Exercise: All entries are to be retyped without alteration.
--- Data under study ---
text \<open>Without mutations each trait \<open>x\<close> evolves independently, so
  \<open>n(x,t) = n0(x) exp(a(x) t)\<close> with \<open>a = r - d\<close> strictly decreasing and \<open>a(0) > 0\<close>.
  The mass on \<open>[0,\<eta>]\<close> grows at least like \<open>exp(a(\<eta>) t)\<close>, a positive rate for small
  \<open>\<eta> > 0\<close>, whereas the mass beyond \<open>\<delta> > \<eta>\<close> grows at most like \<open>exp(a(\<delta>) t)\<close>,
  a strictly smaller rate. After normalisation the mass away from \<open>0\<close> therefore vanishes,
  and only the values of a test function near \<open>0\<close> survive.\<close>

lemma linear_ode_solution_atLeast:
  fixes f :: "real \<Rightarrow> real"
  assumes ode: "\<And>s. c \<le> s \<Longrightarrow> (f has_real_derivative a * f s) (at s within {c..})"
    and "c \<le> t"
  shows "f t = f c * exp (a * (t - c))"
proof -
  define g where "g s = f s * exp (- a * (s - c))" for s
  have "\<exists>k. \<forall>s\<in>{c..}. g s = k"
  proof (rule has_field_derivative_zero_constant)
    fix s assume "s \<in> {c..}"
    then have "(g has_real_derivative a * f s * exp (- a * (s - c)) + f s * (exp (- a * (s - c)) * (- a)))
        (at s within {c..})"
      unfolding g_def using ode by (auto intro!: derivative_eq_intros)
    then show "(g has_real_derivative 0) (at s within {c..})"
      by (simp add: algebra_simps)
  qed simp
  then have "g t = g c" using \<open>c \<le> t\<close> by auto
  then show ?thesis
    unfolding g_def by (simp add: exp_diff field_simps)
qed

lemma continuous_on_if_has_real_derivative_within:
  assumes "\<And>x. x \<in> S \<Longrightarrow> \<exists>D. (f has_real_derivative D) (at x within S)"
  shows "continuous_on S f"
  using assms DERIV_continuous unfolding continuous_on_eq_continuous_within by blast

lemma DERIV_within_neg_imp_decreasing_atLeast:
  fixes f :: "real \<Rightarrow> real"
  assumes deriv: "\<And>x. c \<le> x \<Longrightarrow> \<exists>D. (f has_real_derivative D) (at x within {c..}) \<and> D < 0"
    and "c \<le> x" "x < y"
  shows "f y < f x"
proof (rule DERIV_neg_imp_decreasing_open[OF \<open>x < y\<close>])
  fix z assume z: "x < z" "z < y"
  then have "c \<le> z" using \<open>c \<le> x\<close> by simp
  then obtain D where "(f has_real_derivative D) (at z within {c..})" "D < 0"
    using deriv by blast
  moreover have "at z within {c..} = at z"
    using z \<open>c \<le> x\<close> by (intro at_within_interior) simp
  ultimately show "\<exists>D. DERIV f z :> D \<and> D < 0" by auto
next
  have "continuous_on {c..} f"
    using deriv by (intro continuous_on_if_has_real_derivative_within) auto
  then show "continuous_on {x..y} f"
    by (rule continuous_on_subset) (use \<open>c \<le> x\<close> in auto)
qed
---
Response below:
text \<open>Without mutations each trait \<open>x\<close> evolves independently, so
  \<open>n(x,t) = n0(x) exp(a(x) t)\<close> with \<open>a = r - d\<close> strictly decreasing and \<open>a(0) > 0\<close>.
  The mass on \<open>[0,\<eta>]\<close> grows at least like \<open>exp(a(\<eta>) t)\<close>, a positive rate for small
  \<open>\<eta> > 0\<close>, whereas the mass beyond \<open>\<delta> > \<eta>\<close> grows at most like \<open>exp(a(\<delta>) t)\<close>,
  a strictly smaller rate. After normalisation the mass away from \<open>0\<close> therefore vanishes,
  and only the values of a test function near \<open>0\<close> survive.\<close>

lemma linear_ode_solution_atLeast:
  fixes f :: "real \<Rightarrow> real"
  assumes ode: "\<And>s. c \<le> s \<Longrightarrow> (f has_real_derivative a * f s) (at s within {c..})"
    and "c \<le> t"
  shows "f t = f c * exp (a * (t - c))"
proof -
  define g where "g s = f s * exp (- a * (s - c))" for s
  have "\<exists>k. \<forall>s\<in>{c..}. g s = k"
  proof (rule has_field_derivative_zero_constant)
    fix s assume "s \<in> {c..}"
    then have "(g has_real_derivative a * f s * exp (- a * (s - c)) + f s * (exp (- a * (s - c)) * (- a)))
        (at s within {c..})"
      unfolding g_def using ode by (auto intro!: derivative_eq_intros)
    then show "(g has_real_derivative 0) (at s within {c..})"
      by (simp add: algebra_simps)
  qed simp
  then have "g t = g c" using \<open>c \<le> t\<close> by auto
  then show ?thesis
    unfolding g_def by (simp add: exp_diff field_simps)
qed

lemma continuous_on_if_has_real_derivative_within:
  assumes "\<And>x. x \<in> S \<Longrightarrow> \<exists>D. (f has_real_derivative D) (at x within S)"
  shows "continuous_on S f"
  using assms DERIV_continuous unfolding continuous_on_eq_continuous_within by blast

lemma DERIV_within_neg_imp_decreasing_atLeast:
  fixes f :: "real \<Rightarrow> real"
  assumes deriv: "\<And>x. c \<le> x \<Longrightarrow> \<exists>D. (f has_real_derivative D) (at x within {c..}) \<and> D < 0"
    and "c \<le> x" "x < y"
  shows "f y < f x"
proof (rule DERIV_neg_imp_decreasing_open[OF \<open>x < y\<close>])
  fix z assume z: "x < z" "z < y"
  then have "c \<le> z" using \<open>c \<le> x\<close> by simp
  then obtain D where "(f has_real_derivative D) (at z within {c..})" "D < 0"
    using deriv by blast
  moreover have "at z within {c..} = at z"
    using z \<open>c \<le> x\<close> by (intro at_within_interior) simp
  ultimately show "\<exists>D. DERIV f z :> D \<and> D < 0" by auto
next
  have "continuous_on {c..} f"
    using deriv by (intro continuous_on_if_has_real_derivative_within) auto
  then show "continuous_on {x..y} f"
    by (rule continuous_on_subset) (use \<open>c \<le> x\<close> in auto)
qed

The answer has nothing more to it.